◆ Information given
"""

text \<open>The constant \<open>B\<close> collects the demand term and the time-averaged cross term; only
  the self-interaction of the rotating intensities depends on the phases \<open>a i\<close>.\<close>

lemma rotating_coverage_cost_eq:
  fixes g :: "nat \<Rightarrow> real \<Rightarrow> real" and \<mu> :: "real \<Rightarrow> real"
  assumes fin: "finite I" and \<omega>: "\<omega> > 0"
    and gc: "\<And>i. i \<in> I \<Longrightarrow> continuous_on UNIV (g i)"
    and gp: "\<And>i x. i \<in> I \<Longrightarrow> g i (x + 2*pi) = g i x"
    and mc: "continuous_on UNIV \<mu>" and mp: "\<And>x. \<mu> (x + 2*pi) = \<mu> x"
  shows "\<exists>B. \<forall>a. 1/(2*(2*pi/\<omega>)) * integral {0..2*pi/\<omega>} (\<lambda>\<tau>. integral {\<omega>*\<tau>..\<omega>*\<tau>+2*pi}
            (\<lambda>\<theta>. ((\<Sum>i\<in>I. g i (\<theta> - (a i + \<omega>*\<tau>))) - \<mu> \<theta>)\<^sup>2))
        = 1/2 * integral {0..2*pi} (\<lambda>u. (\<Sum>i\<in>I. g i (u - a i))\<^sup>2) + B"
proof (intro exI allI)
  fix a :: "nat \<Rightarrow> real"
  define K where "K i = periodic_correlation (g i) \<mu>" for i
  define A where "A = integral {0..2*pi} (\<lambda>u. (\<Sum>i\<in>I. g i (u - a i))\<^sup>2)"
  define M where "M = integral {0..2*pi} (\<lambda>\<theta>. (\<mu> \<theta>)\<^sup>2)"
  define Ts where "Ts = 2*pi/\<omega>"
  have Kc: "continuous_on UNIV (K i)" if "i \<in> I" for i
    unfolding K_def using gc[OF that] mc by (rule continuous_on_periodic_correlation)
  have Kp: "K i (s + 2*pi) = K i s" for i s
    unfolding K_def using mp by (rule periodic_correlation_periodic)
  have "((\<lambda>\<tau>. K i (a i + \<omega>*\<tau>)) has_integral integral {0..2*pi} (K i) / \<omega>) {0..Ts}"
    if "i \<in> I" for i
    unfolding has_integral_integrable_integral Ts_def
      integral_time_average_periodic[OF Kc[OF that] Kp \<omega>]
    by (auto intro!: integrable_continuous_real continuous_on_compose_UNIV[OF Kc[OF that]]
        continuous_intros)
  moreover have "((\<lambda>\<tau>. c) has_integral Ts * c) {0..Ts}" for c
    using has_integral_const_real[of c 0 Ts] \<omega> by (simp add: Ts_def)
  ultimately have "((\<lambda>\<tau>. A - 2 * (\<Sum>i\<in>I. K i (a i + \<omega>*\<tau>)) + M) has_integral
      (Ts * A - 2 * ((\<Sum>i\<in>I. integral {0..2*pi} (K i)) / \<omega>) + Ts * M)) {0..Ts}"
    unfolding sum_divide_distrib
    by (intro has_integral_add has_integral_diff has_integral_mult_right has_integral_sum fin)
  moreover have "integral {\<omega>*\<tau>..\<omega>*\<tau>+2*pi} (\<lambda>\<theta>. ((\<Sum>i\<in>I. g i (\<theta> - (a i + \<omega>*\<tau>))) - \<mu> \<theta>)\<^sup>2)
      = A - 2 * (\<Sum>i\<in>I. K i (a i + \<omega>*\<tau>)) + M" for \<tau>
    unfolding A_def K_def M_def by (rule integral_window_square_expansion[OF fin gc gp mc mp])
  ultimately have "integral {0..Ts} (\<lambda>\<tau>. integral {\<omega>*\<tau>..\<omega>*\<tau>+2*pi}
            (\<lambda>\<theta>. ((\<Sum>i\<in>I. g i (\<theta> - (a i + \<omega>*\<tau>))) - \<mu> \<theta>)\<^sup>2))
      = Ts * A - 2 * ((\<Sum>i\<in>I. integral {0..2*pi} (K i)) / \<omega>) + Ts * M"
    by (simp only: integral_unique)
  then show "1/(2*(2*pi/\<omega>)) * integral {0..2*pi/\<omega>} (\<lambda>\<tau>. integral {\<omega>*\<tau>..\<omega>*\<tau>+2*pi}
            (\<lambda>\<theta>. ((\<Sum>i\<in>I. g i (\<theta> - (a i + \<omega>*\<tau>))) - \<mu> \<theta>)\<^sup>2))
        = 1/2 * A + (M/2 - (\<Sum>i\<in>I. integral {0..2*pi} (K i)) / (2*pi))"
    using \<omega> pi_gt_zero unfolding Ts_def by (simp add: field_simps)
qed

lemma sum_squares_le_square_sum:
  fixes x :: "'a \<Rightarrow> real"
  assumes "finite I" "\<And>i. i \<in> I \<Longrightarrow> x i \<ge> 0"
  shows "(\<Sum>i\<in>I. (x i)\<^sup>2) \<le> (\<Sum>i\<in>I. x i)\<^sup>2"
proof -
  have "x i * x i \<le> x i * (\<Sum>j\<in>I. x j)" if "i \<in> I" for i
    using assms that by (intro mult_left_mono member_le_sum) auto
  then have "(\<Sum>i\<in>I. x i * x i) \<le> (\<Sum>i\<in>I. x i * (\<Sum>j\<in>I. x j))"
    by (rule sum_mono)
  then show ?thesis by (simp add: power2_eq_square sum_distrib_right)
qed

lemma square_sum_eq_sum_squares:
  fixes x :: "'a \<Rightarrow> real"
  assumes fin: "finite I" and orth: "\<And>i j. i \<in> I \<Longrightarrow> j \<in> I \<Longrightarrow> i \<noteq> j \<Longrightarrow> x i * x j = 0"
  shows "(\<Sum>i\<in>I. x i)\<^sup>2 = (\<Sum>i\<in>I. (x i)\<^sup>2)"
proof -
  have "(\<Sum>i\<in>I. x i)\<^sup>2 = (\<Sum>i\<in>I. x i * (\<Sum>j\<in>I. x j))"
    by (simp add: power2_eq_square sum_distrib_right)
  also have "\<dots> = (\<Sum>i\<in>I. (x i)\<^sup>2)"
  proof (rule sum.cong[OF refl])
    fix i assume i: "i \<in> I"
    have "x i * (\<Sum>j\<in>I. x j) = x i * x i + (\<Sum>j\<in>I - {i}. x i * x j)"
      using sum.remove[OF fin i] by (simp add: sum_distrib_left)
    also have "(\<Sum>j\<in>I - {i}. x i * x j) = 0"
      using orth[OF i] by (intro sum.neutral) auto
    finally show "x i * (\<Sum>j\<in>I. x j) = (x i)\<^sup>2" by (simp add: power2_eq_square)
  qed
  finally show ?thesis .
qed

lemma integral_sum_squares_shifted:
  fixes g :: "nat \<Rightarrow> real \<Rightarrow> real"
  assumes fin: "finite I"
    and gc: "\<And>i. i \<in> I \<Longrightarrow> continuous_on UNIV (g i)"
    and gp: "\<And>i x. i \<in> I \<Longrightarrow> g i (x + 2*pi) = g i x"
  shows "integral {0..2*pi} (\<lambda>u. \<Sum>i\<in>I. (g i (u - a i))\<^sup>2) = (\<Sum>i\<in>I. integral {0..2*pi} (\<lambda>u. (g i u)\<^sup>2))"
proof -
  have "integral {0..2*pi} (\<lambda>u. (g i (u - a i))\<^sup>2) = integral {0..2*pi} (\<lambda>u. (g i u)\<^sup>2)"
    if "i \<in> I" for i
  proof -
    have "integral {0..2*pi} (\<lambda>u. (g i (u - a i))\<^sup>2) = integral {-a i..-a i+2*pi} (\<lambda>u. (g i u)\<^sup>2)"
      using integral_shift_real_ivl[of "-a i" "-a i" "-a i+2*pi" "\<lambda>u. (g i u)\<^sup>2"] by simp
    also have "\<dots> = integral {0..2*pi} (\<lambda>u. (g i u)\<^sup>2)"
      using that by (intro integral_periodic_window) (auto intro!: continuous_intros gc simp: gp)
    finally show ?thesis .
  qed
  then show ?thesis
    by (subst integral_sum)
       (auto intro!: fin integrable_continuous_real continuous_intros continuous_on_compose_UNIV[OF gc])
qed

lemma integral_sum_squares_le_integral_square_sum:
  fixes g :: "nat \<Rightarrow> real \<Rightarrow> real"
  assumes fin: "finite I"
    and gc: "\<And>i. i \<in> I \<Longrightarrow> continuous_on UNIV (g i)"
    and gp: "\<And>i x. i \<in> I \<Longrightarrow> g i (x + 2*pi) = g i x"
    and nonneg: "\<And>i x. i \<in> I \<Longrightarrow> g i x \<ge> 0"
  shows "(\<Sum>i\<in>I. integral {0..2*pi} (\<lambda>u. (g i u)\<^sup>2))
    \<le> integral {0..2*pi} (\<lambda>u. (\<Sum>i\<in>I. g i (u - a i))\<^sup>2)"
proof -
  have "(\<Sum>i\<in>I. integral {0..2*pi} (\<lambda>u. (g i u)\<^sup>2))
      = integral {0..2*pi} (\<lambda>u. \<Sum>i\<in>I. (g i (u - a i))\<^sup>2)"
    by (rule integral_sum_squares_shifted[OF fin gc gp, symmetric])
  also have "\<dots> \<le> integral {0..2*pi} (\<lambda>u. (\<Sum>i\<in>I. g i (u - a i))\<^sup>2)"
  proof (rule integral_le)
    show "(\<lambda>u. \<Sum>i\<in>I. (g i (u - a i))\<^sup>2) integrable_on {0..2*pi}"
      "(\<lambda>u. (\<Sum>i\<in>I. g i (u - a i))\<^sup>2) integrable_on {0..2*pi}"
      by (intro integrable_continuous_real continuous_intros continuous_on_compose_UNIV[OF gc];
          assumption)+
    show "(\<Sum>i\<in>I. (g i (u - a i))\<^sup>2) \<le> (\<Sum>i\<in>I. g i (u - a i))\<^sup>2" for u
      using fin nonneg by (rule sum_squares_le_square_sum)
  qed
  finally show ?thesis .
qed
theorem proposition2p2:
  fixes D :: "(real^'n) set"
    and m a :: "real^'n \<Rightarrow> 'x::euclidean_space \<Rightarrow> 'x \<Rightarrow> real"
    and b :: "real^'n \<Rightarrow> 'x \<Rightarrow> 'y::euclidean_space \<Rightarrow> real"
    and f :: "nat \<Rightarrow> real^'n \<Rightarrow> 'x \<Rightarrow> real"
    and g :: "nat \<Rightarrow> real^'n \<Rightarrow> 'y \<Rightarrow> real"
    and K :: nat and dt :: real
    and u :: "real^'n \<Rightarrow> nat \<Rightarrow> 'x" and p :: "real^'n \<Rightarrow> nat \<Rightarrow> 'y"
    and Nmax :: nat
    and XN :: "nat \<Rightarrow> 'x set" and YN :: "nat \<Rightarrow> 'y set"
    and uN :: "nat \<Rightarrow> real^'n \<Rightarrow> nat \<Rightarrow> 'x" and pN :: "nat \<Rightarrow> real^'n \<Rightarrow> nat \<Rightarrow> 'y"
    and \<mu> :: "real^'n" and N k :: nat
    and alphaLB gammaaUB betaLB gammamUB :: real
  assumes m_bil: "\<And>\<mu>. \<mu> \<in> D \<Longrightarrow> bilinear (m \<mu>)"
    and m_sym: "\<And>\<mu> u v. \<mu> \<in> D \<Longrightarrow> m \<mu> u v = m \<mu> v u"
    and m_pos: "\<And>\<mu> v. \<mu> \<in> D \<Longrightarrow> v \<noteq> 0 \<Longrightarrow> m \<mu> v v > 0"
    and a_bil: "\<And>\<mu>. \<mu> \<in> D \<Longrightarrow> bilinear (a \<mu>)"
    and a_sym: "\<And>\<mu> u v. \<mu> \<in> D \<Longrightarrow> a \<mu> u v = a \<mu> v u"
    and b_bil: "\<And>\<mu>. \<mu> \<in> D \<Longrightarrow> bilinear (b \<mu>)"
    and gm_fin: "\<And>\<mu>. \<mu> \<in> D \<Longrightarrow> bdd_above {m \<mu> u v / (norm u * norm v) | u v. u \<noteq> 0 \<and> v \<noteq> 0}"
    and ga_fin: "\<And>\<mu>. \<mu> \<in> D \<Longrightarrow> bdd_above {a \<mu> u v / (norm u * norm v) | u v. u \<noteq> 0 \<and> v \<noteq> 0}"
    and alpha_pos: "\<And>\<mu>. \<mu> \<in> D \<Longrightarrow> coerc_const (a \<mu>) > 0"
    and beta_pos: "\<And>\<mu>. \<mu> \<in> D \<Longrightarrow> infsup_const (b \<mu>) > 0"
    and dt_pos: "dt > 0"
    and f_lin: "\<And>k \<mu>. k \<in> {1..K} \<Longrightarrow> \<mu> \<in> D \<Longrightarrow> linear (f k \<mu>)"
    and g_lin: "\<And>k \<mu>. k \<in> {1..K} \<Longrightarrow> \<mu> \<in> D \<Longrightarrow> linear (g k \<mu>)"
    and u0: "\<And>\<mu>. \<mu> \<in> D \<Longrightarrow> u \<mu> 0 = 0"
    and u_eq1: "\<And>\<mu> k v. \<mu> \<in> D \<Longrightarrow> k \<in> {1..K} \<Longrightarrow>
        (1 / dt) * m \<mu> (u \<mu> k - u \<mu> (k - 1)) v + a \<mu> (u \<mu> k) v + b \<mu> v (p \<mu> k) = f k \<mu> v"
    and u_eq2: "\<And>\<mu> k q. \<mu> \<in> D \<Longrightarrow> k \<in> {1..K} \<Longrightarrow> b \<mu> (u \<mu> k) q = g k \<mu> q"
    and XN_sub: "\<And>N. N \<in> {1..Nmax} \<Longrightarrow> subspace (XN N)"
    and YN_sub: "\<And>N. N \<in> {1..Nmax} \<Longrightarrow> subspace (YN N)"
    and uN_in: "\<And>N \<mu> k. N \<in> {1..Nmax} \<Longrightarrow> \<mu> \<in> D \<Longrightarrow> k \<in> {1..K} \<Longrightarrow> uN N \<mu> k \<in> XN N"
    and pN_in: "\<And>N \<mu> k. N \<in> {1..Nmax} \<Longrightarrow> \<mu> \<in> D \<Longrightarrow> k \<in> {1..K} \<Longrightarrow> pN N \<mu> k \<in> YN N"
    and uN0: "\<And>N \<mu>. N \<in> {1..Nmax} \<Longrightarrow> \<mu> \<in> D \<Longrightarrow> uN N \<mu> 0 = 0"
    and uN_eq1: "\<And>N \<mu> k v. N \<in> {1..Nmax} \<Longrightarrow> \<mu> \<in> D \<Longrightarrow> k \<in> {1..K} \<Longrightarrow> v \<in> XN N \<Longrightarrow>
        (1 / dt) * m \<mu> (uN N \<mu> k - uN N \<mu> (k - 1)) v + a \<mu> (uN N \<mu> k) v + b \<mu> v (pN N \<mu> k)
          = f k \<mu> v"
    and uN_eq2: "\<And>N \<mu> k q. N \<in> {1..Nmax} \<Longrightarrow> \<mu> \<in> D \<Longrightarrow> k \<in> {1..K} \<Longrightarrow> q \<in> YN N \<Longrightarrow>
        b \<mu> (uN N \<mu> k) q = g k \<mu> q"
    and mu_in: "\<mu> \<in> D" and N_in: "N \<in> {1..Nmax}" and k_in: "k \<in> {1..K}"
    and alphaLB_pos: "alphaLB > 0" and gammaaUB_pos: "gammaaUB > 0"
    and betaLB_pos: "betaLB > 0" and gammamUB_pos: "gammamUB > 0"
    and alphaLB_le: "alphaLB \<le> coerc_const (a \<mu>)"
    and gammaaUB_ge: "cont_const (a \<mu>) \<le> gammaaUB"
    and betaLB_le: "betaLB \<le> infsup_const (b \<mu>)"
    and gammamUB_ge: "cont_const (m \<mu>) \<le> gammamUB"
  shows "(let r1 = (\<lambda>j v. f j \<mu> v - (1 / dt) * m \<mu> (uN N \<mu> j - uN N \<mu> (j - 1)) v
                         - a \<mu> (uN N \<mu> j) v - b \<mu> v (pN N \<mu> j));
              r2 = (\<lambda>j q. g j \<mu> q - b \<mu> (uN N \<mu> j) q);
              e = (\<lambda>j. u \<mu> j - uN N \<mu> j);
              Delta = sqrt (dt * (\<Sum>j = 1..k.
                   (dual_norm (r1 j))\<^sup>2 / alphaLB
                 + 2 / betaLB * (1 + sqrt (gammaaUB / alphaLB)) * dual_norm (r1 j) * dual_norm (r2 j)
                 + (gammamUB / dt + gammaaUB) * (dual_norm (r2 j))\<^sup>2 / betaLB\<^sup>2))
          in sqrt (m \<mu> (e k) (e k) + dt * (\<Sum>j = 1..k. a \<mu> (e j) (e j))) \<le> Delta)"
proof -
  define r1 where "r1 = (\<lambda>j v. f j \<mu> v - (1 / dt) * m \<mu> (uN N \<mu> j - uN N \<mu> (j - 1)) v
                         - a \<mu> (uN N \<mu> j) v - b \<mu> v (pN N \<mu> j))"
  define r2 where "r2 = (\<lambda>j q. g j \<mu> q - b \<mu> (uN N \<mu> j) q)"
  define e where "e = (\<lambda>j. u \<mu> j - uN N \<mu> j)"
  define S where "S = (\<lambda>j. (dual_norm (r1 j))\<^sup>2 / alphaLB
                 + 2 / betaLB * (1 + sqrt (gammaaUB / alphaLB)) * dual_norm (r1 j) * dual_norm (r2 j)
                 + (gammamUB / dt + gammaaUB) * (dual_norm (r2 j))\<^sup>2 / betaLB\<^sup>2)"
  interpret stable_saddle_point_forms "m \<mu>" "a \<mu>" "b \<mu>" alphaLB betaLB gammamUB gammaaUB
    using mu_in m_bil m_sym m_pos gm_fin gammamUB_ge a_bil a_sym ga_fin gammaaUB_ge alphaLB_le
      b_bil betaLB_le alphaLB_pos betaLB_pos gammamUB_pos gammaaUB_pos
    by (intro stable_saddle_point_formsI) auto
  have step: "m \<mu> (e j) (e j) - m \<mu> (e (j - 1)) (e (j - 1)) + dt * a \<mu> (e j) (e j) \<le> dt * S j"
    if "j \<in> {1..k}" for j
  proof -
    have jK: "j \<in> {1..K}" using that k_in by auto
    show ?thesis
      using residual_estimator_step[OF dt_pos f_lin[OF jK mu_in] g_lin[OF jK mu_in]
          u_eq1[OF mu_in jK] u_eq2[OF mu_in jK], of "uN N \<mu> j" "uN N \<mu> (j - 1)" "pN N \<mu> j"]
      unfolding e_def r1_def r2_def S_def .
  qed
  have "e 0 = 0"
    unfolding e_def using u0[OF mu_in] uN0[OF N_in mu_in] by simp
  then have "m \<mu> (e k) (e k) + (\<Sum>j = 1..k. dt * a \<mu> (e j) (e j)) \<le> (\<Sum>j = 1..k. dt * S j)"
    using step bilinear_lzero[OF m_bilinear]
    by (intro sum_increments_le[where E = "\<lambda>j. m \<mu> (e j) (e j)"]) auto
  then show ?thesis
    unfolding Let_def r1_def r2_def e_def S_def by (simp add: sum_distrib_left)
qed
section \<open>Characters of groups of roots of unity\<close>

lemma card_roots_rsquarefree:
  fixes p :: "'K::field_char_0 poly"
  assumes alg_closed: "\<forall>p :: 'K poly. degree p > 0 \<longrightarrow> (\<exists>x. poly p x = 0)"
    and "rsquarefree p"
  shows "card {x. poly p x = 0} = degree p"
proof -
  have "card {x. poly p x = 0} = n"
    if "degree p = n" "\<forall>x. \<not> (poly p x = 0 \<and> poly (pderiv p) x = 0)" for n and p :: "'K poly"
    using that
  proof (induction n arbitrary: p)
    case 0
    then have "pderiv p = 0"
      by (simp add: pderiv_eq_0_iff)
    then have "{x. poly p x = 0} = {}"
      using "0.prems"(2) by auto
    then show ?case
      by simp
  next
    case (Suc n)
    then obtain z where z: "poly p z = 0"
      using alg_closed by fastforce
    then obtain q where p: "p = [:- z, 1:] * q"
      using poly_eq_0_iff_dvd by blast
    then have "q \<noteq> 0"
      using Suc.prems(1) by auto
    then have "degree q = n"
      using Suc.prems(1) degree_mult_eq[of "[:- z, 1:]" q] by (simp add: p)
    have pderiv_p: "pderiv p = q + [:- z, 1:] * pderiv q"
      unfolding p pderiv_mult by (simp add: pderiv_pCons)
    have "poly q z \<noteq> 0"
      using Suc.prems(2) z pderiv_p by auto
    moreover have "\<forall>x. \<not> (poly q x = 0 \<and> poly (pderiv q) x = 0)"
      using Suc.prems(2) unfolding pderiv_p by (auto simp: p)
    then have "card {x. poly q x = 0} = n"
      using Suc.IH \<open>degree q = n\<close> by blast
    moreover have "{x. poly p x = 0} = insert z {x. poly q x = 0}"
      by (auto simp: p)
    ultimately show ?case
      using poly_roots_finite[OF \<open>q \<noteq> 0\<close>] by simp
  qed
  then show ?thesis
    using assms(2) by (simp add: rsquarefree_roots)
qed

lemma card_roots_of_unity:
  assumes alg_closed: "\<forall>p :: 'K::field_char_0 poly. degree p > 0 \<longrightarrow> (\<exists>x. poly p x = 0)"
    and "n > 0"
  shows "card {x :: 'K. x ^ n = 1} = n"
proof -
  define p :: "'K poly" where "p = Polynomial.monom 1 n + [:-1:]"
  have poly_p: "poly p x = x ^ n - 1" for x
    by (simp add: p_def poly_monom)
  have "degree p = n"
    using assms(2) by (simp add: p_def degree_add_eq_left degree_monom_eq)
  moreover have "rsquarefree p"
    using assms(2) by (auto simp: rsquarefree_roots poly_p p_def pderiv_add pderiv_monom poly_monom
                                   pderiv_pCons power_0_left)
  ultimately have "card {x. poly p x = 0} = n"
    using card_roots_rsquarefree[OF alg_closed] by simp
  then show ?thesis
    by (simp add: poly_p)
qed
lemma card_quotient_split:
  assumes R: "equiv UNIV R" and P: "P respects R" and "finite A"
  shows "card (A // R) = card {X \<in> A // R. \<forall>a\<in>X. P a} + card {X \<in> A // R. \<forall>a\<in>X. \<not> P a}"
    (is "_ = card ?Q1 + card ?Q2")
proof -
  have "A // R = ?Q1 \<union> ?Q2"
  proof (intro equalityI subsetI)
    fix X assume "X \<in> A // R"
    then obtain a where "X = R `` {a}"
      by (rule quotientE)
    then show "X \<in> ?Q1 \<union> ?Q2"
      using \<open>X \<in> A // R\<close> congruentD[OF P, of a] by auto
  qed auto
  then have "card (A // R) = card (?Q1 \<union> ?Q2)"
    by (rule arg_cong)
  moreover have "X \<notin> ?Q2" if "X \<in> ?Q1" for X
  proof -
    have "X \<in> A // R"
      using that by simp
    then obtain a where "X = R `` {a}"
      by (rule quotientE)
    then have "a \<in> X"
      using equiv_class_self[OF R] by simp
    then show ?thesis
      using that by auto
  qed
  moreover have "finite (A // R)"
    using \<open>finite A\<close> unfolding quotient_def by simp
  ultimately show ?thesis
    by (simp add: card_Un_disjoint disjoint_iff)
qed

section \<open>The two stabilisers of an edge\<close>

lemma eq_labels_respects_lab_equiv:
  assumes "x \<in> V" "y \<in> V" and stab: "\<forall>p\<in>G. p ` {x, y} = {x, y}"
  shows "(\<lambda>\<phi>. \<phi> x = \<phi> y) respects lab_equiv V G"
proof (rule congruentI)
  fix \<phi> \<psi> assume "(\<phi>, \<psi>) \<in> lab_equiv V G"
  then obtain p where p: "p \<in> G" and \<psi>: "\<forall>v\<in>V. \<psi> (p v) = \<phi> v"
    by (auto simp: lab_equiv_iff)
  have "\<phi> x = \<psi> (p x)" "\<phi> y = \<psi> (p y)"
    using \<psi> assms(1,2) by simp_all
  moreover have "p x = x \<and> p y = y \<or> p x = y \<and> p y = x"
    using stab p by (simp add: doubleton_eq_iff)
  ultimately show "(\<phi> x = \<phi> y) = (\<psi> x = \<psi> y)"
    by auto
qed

"""

◆ Exercise prompt
Look through the material above and print exactly the lines from the one containing "i)\<^sup>2 = (\<Sum>i\<in>I. (x" to the one containing "proof (rule sum.cong[OF refl])", both included, and nothing more.

◆ Solution to this task
  shows "(\<Sum>i\<in>I. x i)\<^sup>2 = (\<Sum>i\<in>I. (x i)\<^sup>2)"
proof -
  have "(\<Sum>i\<in>I. x i)\<^sup>2 = (\<Sum>i\<in>I. x i * (\<Sum>j\<in>I. x j))"
    by (simp add: power2_eq_square sum_distrib_right)
  also have "\<dots> = (\<Sum>i\<in>I. (x i)\<^sup>2)"
  proof (rule sum.cong[OF refl])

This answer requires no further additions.